Crucially, US control of the internet’s key infrastructure has made cyberspace into a de facto First Amendment domain. However, as Timothy Garton Ash observes, the culture that enabled this First Amendment is “the product of judicial rulings, laws and political decisions over the 100 years since the First World War, and mainly from the last half century.”

The global extension of a practically untrammelled free-speech culture through the internet, has allowed “virtual emigration to the US” through the use of online platforms, with paradoxical and largely unpredictable consequences. Like the British in the 1940s, the rest of the world is now ‘occupied’ by free-speech platforms that in many ways embody the highest ideals of the US constitution but are also subject to abuse and manipulation and governed by the whimsical terms of service of the private corporations that own them. Furthermore, the parochial tensions in our global village have had almost no time to create the social, political and judicial accommodations which allow such a culture to thrive.

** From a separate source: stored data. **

lemma class_ge_iff_contains:
  assumes "X \<in> Cay_classes" "Y \<in> Cay_classes"
  shows "class_ge X Y \<longleftrightarrow> contains (class_standardize X) (class_standardize Y)"
proof -
  obtain x y where x: "x \<in> Cay" "X = cay_equiv `` {x}" and y: "y \<in> Cay" "Y = cay_equiv `` {y}"
    using assms unfolding Cay_classes_def by (elim quotientE)
  have "class_ge X Y \<longleftrightarrow> contains (standardize x) (standardize y)"
  proof
    assume "class_ge X Y"
    then obtain x' y' where "x' \<in> X" "y' \<in> Y" "contains x' y'"
      unfolding class_ge_def by blast
    with x y show "contains (standardize x) (standardize y)"
      by (metis (mono_tags) cay_equiv_Image contains_standardize mem_Collect_eq)
  next
    assume "contains (standardize x) (standardize y)"
    with x y standardize_in_cay_equiv_Image[OF x(1)] standardize_in_cay_equiv_Image[OF y(1)]
    show "class_ge X Y"
      unfolding class_ge_def by blast
  qed
  with x y show ?thesis
    by (simp add: class_standardize_Image)
qed

lemma inj_on_class_standardize: "inj_on class_standardize Cay_classes"
proof (rule inj_onI)
  fix X Y
  assume "X \<in> Cay_classes" "Y \<in> Cay_classes" and eq: "class_standardize X = class_standardize Y"
  then obtain x y where x: "x \<in> Cay" "X = cay_equiv `` {x}" and y: "y \<in> Cay" "Y = cay_equiv `` {y}"
    unfolding Cay_classes_def by (elim quotientE)
  from eq have "standardize x = standardize y"
    by (simp add: x y class_standardize_Image)
  with x y show "X = Y"
    by (simp add: cay_equiv_Image)
qed
(* Under the same setup ($N\ge2$, $\mathcal G$ connected with positive edge weights, $\alpha>0$), for all $m,k,\tau,\gamma>0$ one has $\|H_{\mathrm{DAPI}}\|_2^2<\|H_{\mathrm{std}}\|_2^2$.
   Context: $L_B$ is the weighted Laplacian of $\mathcal G$ (edge weights $b_{ij}>0$), $L_G=\alpha L_B$, $L_C=\gamma L_B$, $L_G^{1/2}$ its PSD square root. $H_{\mathrm{std}}$: $\dot\theta=\omega$, $\dot\omega=-\tfrac m\tau L_B\theta-\tfrac1\tau\omega+\tfrac1\tau w$, $y=L_G^{1/2}\theta$. $H_{\mathrm{DAPI}}$: $\dot\theta=\omega$, $\dot\omega=-\tfrac m\tau L_B\theta-\tfrac1\tau\omega+\tfrac1\tau\Omega+\tfrac1\tau w$, $\dot\Omega=-\tfrac1k\omega-\tfrac1kL_C\Omega$, $y=L_G^{1/2}\theta$. For a system $(A,B,C)$, $\|H\|_2^2:=\int_0^\infty\operatorname{tr}(Ce^{At}BB^Te^{A^Tt}C^T)\,dt$. *)

theory Defs
  imports "HOL-Analysis.Analysis"
begin

primrec matpow :: "real^'a^'a \<Rightarrow> nat \<Rightarrow> real^'a^'a" where
  "matpow A 0 = mat 1"
| "matpow A (Suc k) = A ** matpow A k"

definition mexp :: "real^'a^'a \<Rightarrow> real^'a^'a" where
  "mexp A = (\<chi> i j. \<Sum>k. (matpow A k $ i $ j) / fact k)"

definition h2sq :: "real^'s^'s \<Rightarrow> real^'u^'s \<Rightarrow> real^'s^'y \<Rightarrow> real" where
  "h2sq A B C = (LINT t:{0..}|lborel.
      trace (C ** mexp (t *\<^sub>R A) ** B ** transpose B ** mexp (t *\<^sub>R transpose A) ** transpose C))"

definition psd :: "real^'n^'n \<Rightarrow> bool" where
  "psd M \<longleftrightarrow> transpose M = M \<and> (\<forall>x. 0 \<le> x \<bullet> (M *v x))"

definition psd_sqrt :: "real^'n^'n \<Rightarrow> real^'n^'n" where
  "psd_sqrt M = (THE S. psd S \<and> S ** S = M)"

The result has been a confusing mishmash of misinformation, transparency and accountability. We know more than ever about political chicanery and plutocratic mischief, but are also more susceptible to rumour. We “name and shame” wrongdoers but cannot set the record straight when someone has been smeared. In this transitional moment, our information travels globally, while most of us remain within the homogeneity and conformity of our villages. It is a moment at which societies like ours should ensure that we create the proper conditions for freedom of expression to thrive rather than improvising responses to the shifts and shocks of the new dispensation.